Our UI tests that run inside GitHub actions use a pinned version of Chrome. This ensures the UI remains consistent when the GitHub runner images are updated with new versions of Chrome. To do this, the GitHub actions download a stable version of Chrome from Chrome for Testing, then sets the CHROME_PATH
environment variable to tell playwright to use that version of Chrome.
Note: This must be updated periodically as a seperate PR, updating snapshots as necessary, to keep up with the latest stable version of Chrome. Recommendation is to update this every 6 months.
We also use storybook snapshot tests to validate the rendered UI, especialy for the fine-grained UI components.
TODO: Document storybook snapshot tests in `packages/storybook` and link here.
We have considered dropping these tests in the past because the samples browser tests provide some of the same coverage and these snapshots tend to change a lot.
Most often, you should write a combination of unit-tests and hermetic browser tests. An exception is that for critical user journies, you may write a live browser test to ensure that the UI library continues to work as expected in the wild.
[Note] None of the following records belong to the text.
section \<open>The contraction bound\<close>

lemma opnorm2_id_minus_scaled_le:
  fixes B :: "real^'n::finite^'n"
  assumes "0 \<le> \<alpha>" and coercive: "\<And>x. c * (x \<bullet> x) \<le> x \<bullet> (B *v x)"
    and bounded: "opnorm2 B \<le> L"
  shows "opnorm2 (mat 1 - \<alpha> *\<^sub>R B) \<le> sqrt (1 - 2 * \<alpha> * c + \<alpha>\<^sup>2 * L\<^sup>2)"
proof (rule opnorm2_le)
  fix x :: "real^'n"
  have "norm (B *v x) \<le> L * norm x"
    using opnorm2_bound[of B x] bounded by (meson mult_right_mono norm_ge_zero order_trans)
  then have B_sq: "(norm (B *v x))\<^sup>2 \<le> (L * norm x)\<^sup>2" by (intro power_mono) auto
  have image: "(mat 1 - \<alpha> *\<^sub>R B) *v x = x - \<alpha> *\<^sub>R (B *v x)"
    by (simp add: matrix_vector_mult_diff_rdistrib scaleR_matrix_vector_assoc[symmetric])
  have "(norm ((mat 1 - \<alpha> *\<^sub>R B) *v x))\<^sup>2
        = x \<bullet> x - 2 * \<alpha> * (x \<bullet> (B *v x)) + \<alpha>\<^sup>2 * (norm (B *v x))\<^sup>2"
    unfolding image power2_norm_eq_inner
    by (simp add: inner_diff_left inner_diff_right inner_commute power2_eq_square algebra_simps)
  also have "\<dots> \<le> x \<bullet> x - 2 * \<alpha> * (c * (x \<bullet> x)) + \<alpha>\<^sup>2 * (L * norm x)\<^sup>2"
    using coercive[of x] B_sq \<open>0 \<le> \<alpha>\<close> by (intro add_mono diff_mono mult_left_mono) auto
  also have "\<dots> = (1 - 2 * \<alpha> * c + \<alpha>\<^sup>2 * L\<^sup>2) * (norm x)\<^sup>2"
    by (simp add: power2_norm_eq_inner power_mult_distrib algebra_simps)
  finally have "norm ((mat 1 - \<alpha> *\<^sub>R B) *v x) \<le> sqrt ((1 - 2 * \<alpha> * c + \<alpha>\<^sup>2 * L\<^sup>2) * (norm x)\<^sup>2)"
    by (rule real_le_rsqrt)
  then show "norm ((mat 1 - \<alpha> *\<^sub>R B) *v x) \<le> sqrt (1 - 2 * \<alpha> * c + \<alpha>\<^sup>2 * L\<^sup>2) * norm x"
    by (simp add: real_sqrt_mult)
qed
Test Type | Characteristics | When to write |
---|---|---|
unit-tests | +fast, +not-flakey, -narrow | Complex business logic, helper functions |
components | +fast, less-flakey | Validate features for components only |
browser: hermetic | fast-ish, less-flakey, e2e/static | Validate features, composite snapshots |
browser: live | -slow, -flakey, +faithful | Smoke testing, critical user journeys |
storybook | ?? | ?? |
rushx test:coverage
command can be used to generate jest tests coverage reports locally for some packages. Currently the command is available for:
- acs-ui-common
- calling-component-binding
- calling-stateful-client
- chat-component-binding
- chat-stateful-client
- react-components
- react-composites
After running the command in a Terminal, a new temp/jest/coverage/
folder will be created under the repository root folder and an HTML report will be generated.
The report will be rewritten if rushx test:coverage
is run again (even for an another package). In order to save the report to an another folder, use rushx test:coverage --coverageDirectory <new-path-to-save-coverage-report>
.
Unit tests coverage is calculated for @azure/communication-react as part of the CI workflow. The coverage results are compared to the main branch coverage and a comment with this information is posted in a PR. The reports posted in CI workflow artifacts can be used to get an HTML report for @azure/communication-react if needed.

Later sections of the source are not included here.